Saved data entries
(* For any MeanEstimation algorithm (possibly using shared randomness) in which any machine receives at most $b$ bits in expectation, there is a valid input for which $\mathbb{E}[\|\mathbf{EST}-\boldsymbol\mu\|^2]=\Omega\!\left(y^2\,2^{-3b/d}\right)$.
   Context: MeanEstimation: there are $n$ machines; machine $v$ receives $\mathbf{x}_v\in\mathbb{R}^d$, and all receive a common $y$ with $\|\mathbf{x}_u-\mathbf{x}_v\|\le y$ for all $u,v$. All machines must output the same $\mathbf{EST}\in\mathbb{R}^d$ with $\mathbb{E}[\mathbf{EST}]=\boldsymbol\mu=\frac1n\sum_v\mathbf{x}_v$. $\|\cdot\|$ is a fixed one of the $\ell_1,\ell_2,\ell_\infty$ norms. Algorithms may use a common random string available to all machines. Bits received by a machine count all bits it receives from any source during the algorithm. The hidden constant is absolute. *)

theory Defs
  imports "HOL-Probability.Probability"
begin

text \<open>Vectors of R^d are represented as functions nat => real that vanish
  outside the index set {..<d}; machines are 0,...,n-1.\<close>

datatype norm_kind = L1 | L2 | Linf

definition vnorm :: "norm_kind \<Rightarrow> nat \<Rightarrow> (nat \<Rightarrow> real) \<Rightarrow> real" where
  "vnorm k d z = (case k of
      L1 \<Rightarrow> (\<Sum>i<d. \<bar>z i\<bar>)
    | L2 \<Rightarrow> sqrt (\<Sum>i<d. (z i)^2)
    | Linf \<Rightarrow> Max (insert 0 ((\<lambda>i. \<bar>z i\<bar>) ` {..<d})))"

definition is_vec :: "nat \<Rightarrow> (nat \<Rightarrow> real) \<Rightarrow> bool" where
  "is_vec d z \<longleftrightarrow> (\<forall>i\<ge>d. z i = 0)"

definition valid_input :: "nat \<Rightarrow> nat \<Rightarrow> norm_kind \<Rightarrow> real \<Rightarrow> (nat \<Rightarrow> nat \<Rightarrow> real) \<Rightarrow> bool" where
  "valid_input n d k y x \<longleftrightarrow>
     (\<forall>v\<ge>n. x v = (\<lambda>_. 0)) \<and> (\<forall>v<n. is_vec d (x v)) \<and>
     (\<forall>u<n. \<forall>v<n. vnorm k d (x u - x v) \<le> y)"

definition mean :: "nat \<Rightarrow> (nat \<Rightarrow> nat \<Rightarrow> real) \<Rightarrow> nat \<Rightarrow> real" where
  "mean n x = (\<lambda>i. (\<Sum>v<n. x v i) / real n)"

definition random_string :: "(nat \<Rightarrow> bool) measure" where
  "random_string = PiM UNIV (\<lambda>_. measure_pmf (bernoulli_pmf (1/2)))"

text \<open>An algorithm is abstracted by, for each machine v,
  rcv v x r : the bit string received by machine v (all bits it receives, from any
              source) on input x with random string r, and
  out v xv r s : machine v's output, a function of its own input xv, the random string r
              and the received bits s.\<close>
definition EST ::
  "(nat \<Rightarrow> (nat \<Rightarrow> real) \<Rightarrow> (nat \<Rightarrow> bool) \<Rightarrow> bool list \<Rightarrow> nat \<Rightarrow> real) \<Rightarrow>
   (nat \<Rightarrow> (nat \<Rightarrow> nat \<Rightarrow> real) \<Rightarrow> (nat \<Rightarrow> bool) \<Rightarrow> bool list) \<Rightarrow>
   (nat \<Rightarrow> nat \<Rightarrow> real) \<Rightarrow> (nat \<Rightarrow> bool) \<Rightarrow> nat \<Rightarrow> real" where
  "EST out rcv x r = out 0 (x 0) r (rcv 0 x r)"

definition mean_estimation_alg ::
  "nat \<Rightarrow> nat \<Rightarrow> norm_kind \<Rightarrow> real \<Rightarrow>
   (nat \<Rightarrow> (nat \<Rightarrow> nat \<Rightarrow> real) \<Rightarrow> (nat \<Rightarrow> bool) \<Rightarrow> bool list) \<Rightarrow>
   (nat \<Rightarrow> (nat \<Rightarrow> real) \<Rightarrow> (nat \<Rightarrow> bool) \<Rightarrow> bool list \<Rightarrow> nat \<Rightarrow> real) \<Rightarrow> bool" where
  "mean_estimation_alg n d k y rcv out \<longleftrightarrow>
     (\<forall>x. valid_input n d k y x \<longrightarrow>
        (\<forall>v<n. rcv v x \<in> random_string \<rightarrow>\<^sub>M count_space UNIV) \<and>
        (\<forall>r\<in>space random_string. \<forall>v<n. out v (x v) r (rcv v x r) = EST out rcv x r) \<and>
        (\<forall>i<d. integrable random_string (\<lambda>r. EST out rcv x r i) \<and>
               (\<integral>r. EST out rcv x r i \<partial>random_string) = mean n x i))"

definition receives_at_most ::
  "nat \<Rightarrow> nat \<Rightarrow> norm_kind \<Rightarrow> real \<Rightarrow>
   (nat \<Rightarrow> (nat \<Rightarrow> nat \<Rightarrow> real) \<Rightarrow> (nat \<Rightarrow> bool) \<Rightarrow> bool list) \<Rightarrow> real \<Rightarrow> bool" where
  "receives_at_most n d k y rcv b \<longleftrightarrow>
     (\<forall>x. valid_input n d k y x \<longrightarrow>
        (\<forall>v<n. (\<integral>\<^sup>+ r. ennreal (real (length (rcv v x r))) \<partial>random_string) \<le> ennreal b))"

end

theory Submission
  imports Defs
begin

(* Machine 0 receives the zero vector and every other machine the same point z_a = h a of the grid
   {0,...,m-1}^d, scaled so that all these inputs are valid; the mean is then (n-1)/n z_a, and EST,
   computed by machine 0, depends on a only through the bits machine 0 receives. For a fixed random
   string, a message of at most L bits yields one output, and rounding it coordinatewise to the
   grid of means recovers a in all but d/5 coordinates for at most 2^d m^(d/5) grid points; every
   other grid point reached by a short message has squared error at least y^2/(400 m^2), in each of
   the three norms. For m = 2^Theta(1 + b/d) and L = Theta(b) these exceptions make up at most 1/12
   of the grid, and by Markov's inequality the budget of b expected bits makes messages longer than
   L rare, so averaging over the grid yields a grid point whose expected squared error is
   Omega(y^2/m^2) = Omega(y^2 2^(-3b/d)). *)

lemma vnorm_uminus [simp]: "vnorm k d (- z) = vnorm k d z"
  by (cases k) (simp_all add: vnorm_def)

▸ WHAT IS BEING ASKED
Look through the records and copy every line that has the word "lambda".

▸ EXPECTED ANSWER
    | Linf \<Rightarrow> Max (insert 0 ((\<lambda>i. \<bar>z i\<bar>) ` {..<d})))"
     (\<forall>v\<ge>n. x v = (\<lambda>_. 0)) \<and> (\<forall>v<n. is_vec d (x v)) \<and>
  "mean n x = (\<lambda>i. (\<Sum>v<n. x v i) / real n)"
  "random_string = PiM UNIV (\<lambda>_. measure_pmf (bernoulli_pmf (1/2)))"
        (\<forall>i<d. integrable random_string (\<lambda>r. EST out rcv x r i) \<and>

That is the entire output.